Mandatory Bundles or Not, it’s Time to Prepare Your Program

Updated on December 18, 2022
David Fuller Final copy

As you may know, on October 13, 2022, CMS announced the extension of the Bundled Payments for Care Improvement Advanced (BPCI-Advanced) Model for an additional two years.  The BPCI- Advanced was originally set to expire on December 31, 2023, but is now scheduled to end on December 31, 2025.  For some providers, this announcement is viewed as an opportunity to extend their participation in the program.  For others, it may mark the end of their participation in this particular alternative payment model (APM).  And yet for many others, this announcement, unfortunately, provides another reprieve from having to understand just how APMs, such as bundled payment models, will impact their clinical operations and financial / market performance. 

This “head in the sand” or “prayer” approach to an inevitable evolution in the current reimbursement structure sets these providers up for failure in the long term.  Rather than ignore the potential challenges associated with what many view as an inevitable change, why not take advantage of the time we have now to prepare, understand the impact, and reorganize operations where necessary to best position your programs for what is to come?

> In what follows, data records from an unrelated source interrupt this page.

(* Let $A_i\in\mathbb{R}^{n\times n}$, $i\ge -1$, be entrywise nonnegative matrices such that $A=\sum_{i=-1}^{\infty}A_i$ is irreducible and row stochastic. Assume that $\sum_{i=-1}^\infty iA_i$ converges and $\eta=\mathbf v^T\mathbf w<0$, where $\mathbf v>0$ satisfies $\mathbf v^TA=\mathbf v^T$, $\mathbf v^T\mathbf e=1$, and $\mathbf w=\sum_{i=-1}^\infty iA_i\mathbf e$. Let $G$ be the componentwise minimal nonnegative solution of $X=\sum_{i=-1}^{\infty}A_iX^{i+1}$. Set $X_0=0$ and, for a sequence of reals $\{\omega_k\}_{k\ge1}$, define for $k\ge0$ \[ (I_n-A_0)Y_k=A_{-1}+\sum_{i=1}^{\infty}A_iX_k^{i+1},\qquad X_{k+1}=Y_k+\omega_{k+1}(I_n-A_0)^{-1}A_1\,(Y_k^2-X_k^2). \] If $\{\omega_k\}_{k\ge1}$ is eligible, then $\{X_k\}_{k\in\mathbb N}$ converges monotonically to $G$.
   Context: $\mathbf e$ is the all-ones vector; inequalities between matrices/vectors are entrywise. The sequence $\{\omega_k\}_{k\ge1}$ is called eligible (for the iteration above) if $\omega_k\ge 0$ for all $k\ge1$ and, for all $k\ge 0$, with $X_k,Y_k,X_{k+1}$ generated by the iteration, \[ \omega_{k+1}A_1(Y_k^2-X_k^2)\le A_1(X_{k+1}^2-X_k^2)+\sum_{i=2}^{\infty}A_i(Y_k^{i+1}-X_k^{i+1}) \] and \[ X_{k+1}\mathbf e=Y_k\mathbf e+\omega_{k+1}(I_n-A_0)^{-1}A_1(Y_k^2-X_k^2)\mathbf e\le \mathbf e . \] *)

theory Defs
  imports "HOL-Analysis.Analysis"
begin

text \<open>Matrices are real^'n^'n; the order on vec is entrywise, so \<le> on matrices and
  vectors is the entrywise order of the paper.\<close>

primrec mpow :: "real^'n^'n \<Rightarrow> nat \<Rightarrow> real^'n^'n" where
  "mpow M 0 = mat 1"
| "mpow M (Suc k) = M ** mpow M k"

definition ones :: "real^'n" where "ones = (\<chi> i. 1)"

definition irreducible_mat :: "real^'n^'n \<Rightarrow> bool" where
  "irreducible_mat M \<longleftrightarrow> (\<forall>i j. \<exists>k\<ge>1. mpow M k $ i $ j > 0)"

definition row_stochastic :: "real^'n^'n \<Rightarrow> bool" where
  "row_stochastic M \<longleftrightarrow> 0 \<le> M \<and> M *v ones = ones"

text \<open>Coefficients are indexed by int; only indices i \<ge> -1 are used.
  The series \<Sum>_{i\<ge>-1} f i is written (\<Sum>k. f (int k - 1)).\<close>

definition eligible ::
  "(int \<Rightarrow> real^'n^'n) \<Rightarrow> (nat \<Rightarrow> real^'n^'n) \<Rightarrow> (nat \<Rightarrow> real^'n^'n)
     \<Rightarrow> (nat \<Rightarrow> real) \<Rightarrow> bool" where
  "eligible A X Y \<omega> \<longleftrightarrow>
     (\<forall>k\<ge>1. \<omega> k \<ge> 0) \<and>
     (\<forall>k. \<omega> (Suc k) *\<^sub>R (A 1 ** (mpow (Y k) 2 - mpow (X k) 2))
            \<le> A 1 ** (mpow (X (Suc k)) 2 - mpow (X k) 2)
              + (\<Sum>m. A (int m + 2) ** (mpow (Y k) (m + 3) - mpow (X k) (m + 3)))) \<and>
     (\<forall>k. X (Suc k) *v ones
            = Y k *v ones + \<omega> (Suc k) *\<^sub>R
                ((matrix_inv (mat 1 - A 0) ** A 1 ** (mpow (Y k) 2 - mpow (X k) 2)) *v ones)
          \<and> X (Suc k) *v ones \<le> ones)"

end

theory Submission
  imports Defs
begin

text \<open>By induction, \<open>0 \<le> X\<^sub>k \<le> Y\<^sub>k \<le> X\<^sub>k\<^sub>+\<^sub>1\<close> with every \<open>X\<^sub>k\<close> substochastic: the step
  \<open>X\<^sub>k\<^sub>+\<^sub>1 \<le> Y\<^sub>k\<^sub>+\<^sub>1\<close> holds because eligibility makes \<open>(I - A\<^sub>0)(Y\<^sub>k\<^sub>+\<^sub>1 - X\<^sub>k\<^sub>+\<^sub>1)\<close>
  nonnegative and \<open>I - A\<^sub>0\<close> has a nonnegative inverse (a minimum principle for the irreducible
  stochastic matrix \<open>A\<close>). Hence \<open>X\<^sub>k\<close> increases to a substochastic solution \<open>L\<close>.

  Negative drift \<open>\<eta> < 0\<close> forces every substochastic solution \<open>Z\<close> to be stochastic:
  \<open>d\<^sub>k = \<one> - Z\<^sup>k \<one>\<close> is a bounded harmonic function of the level process vanishing at level
  \<open>0\<close>, while \<open>k + g\<close>, with \<open>g\<close> from the Poisson equation of \<open>A\<close>, is a Lyapunov function of
  drift \<open>\<eta>\<close>; a maximum principle gives \<open>d \<le> \<epsilon> (k + g)\<close> for every \<open>\<epsilon> > 0\<close>. As \<open>G \<le> L\<close> and
  \<open>G \<one> = \<one> = L \<one>\<close>, the minimal solution \<open>G\<close> equals \<open>L\<close>.\<close>

section \<open>Entrywise order and series of matrices\<close>

lemma less_eq_mat_iff: "(M::real^'n^'m) \<le> N \<longleftrightarrow> (\<forall>i j. M$i$j \<le> N$i$j)"
  by (simp add: less_eq_vec_def)

lemma matrix_mult_nth: "(M ** N) $ i $ j = (\<Sum>k\<in>UNIV. M$i$k * N$k$j)"
  by (simp add: matrix_matrix_mult_def)

lemma matrix_vector_mult_nth: "(M *v x) $ i = (\<Sum>j\<in>UNIV. M$i$j * x$j)"
  by (simp add: matrix_vector_mult_def)

lemma ones_nth [simp]: "ones $ i = 1"
  by (simp add: ones_def)

lemma ones_nonneg: "0 \<le> (ones :: real^'n)"
  by (simp add: less_eq_vec_def)

lemma mat_1_nonneg: "0 \<le> (mat 1 :: real^'n^'n)"
  by (simp add: less_eq_mat_iff mat_def)

lemma matrix_mult_nonneg: "0 \<le> (M::real^'n^'m) \<Longrightarrow> 0 \<le> (N::real^'p^'n) \<Longrightarrow> 0 \<le> M ** N"
  by (auto simp: less_eq_mat_iff matrix_mult_nth intro!: sum_nonneg)

lemma matrix_mult_left_mono:
  "0 \<le> (M::real^'n^'m) \<Longrightarrow> (N::real^'p^'n) \<le> P \<Longrightarrow> M ** N \<le> M ** P"
  by (auto simp: less_eq_mat_iff matrix_mult_nth intro!: sum_mono mult_left_mono)

lemma matrix_mult_right_mono:
  "0 \<le> (P::real^'p^'n) \<Longrightarrow> (M::real^'n^'m) \<le> N \<Longrightarrow> M ** P \<le> N ** P"
  by (auto simp: less_eq_mat_iff matrix_mult_nth intro!: sum_mono mult_right_mono)

lemma matrix_vector_mult_nonneg: "0 \<le> (M::real^'n^'m) \<Longrightarrow> 0 \<le> x \<Longrightarrow> 0 \<le> M *v x"
  by (auto simp: less_eq_mat_iff less_eq_vec_def matrix_vector_mult_nth intro!: sum_nonneg)

lemma matrix_vector_mult_left_mono: "0 \<le> (M::real^'n^'m) \<Longrightarrow> x \<le> y \<Longrightarrow> M *v x \<le> M *v y"
  by (auto simp: less_eq_mat_iff less_eq_vec_def matrix_vector_mult_nth
      intro!: sum_mono mult_left_mono)

lemma matrix_vector_mult_right_mono: "0 \<le> x \<Longrightarrow> (M::real^'n^'m) \<le> N \<Longrightarrow> M *v x \<le> N *v x"
  by (auto simp: less_eq_mat_iff less_eq_vec_def matrix_vector_mult_nth
      intro!: sum_mono mult_right_mono)

lemma matrix_diff_ldistrib: "(M::real^'n^'m) ** (N - P) = M ** N - M ** P"
  by (simp add: vec_eq_iff matrix_mult_nth right_diff_distrib sum_subtractf)

lemma matrix_diff_rdistrib: "((M::real^'n^'m) - N) ** P = M ** P - N ** P"
  by (simp add: vec_eq_iff matrix_mult_nth left_diff_distrib sum_subtractf)

lemma mpow_nonneg: "0 \<le> M \<Longrightarrow> 0 \<le> mpow M k"
  by (induction k) (auto simp: mat_1_nonneg matrix_mult_nonneg)

lemma mpow_mono: "0 \<le> M \<Longrightarrow> M \<le> N \<Longrightarrow> mpow M k \<le> mpow N k"
proof (induction k)
  case (Suc k)
  have "M ** mpow M k \<le> M ** mpow N k"
    using Suc by (intro matrix_mult_left_mono) auto
  also have "\<dots> \<le> N ** mpow N k"
    using Suc by (intro matrix_mult_right_mono mpow_nonneg) (auto intro: order_trans)
  finally show ?case by simp
qed simp

lemma mpow_add: "mpow M (a + b) = mpow M a ** mpow M b"
  by (induction a) (auto simp: matrix_mul_assoc)

lemma mpow_zero: "k \<noteq> 0 \<Longrightarrow> mpow 0 k = 0"
  by (cases k) simp_all

lemma summable_mat_nth: "summable (f::nat \<Rightarrow> real^'n^'m) \<Longrightarrow> summable (\<lambda>k. f k $ i $ j)"
  by (intro summable_vec_nth)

At times, hesitation to directly evaluate and adopt these models may simply involve a lack of understanding of where to start.  It can certainly be overwhelming and spark fear of the unknown for some. However, there are others that generally categorize these models as “financial losers,” thus incentivizing them to hold off on what may be inevitable. If either of these perspectives resonate with you, Corazon would strongly recommend you simply take a closer look and assess your program’s  readiness for APMs.  And note that certain key strategic service lines present excellent diagnosis or procedure types when considering such a strategy (more discussed on this later under Starting Point). Taking this simple step will provide valuable information related to their prospective impact on current operational design and financial performance, as well as what may need to change to better position the program for success in the long run.  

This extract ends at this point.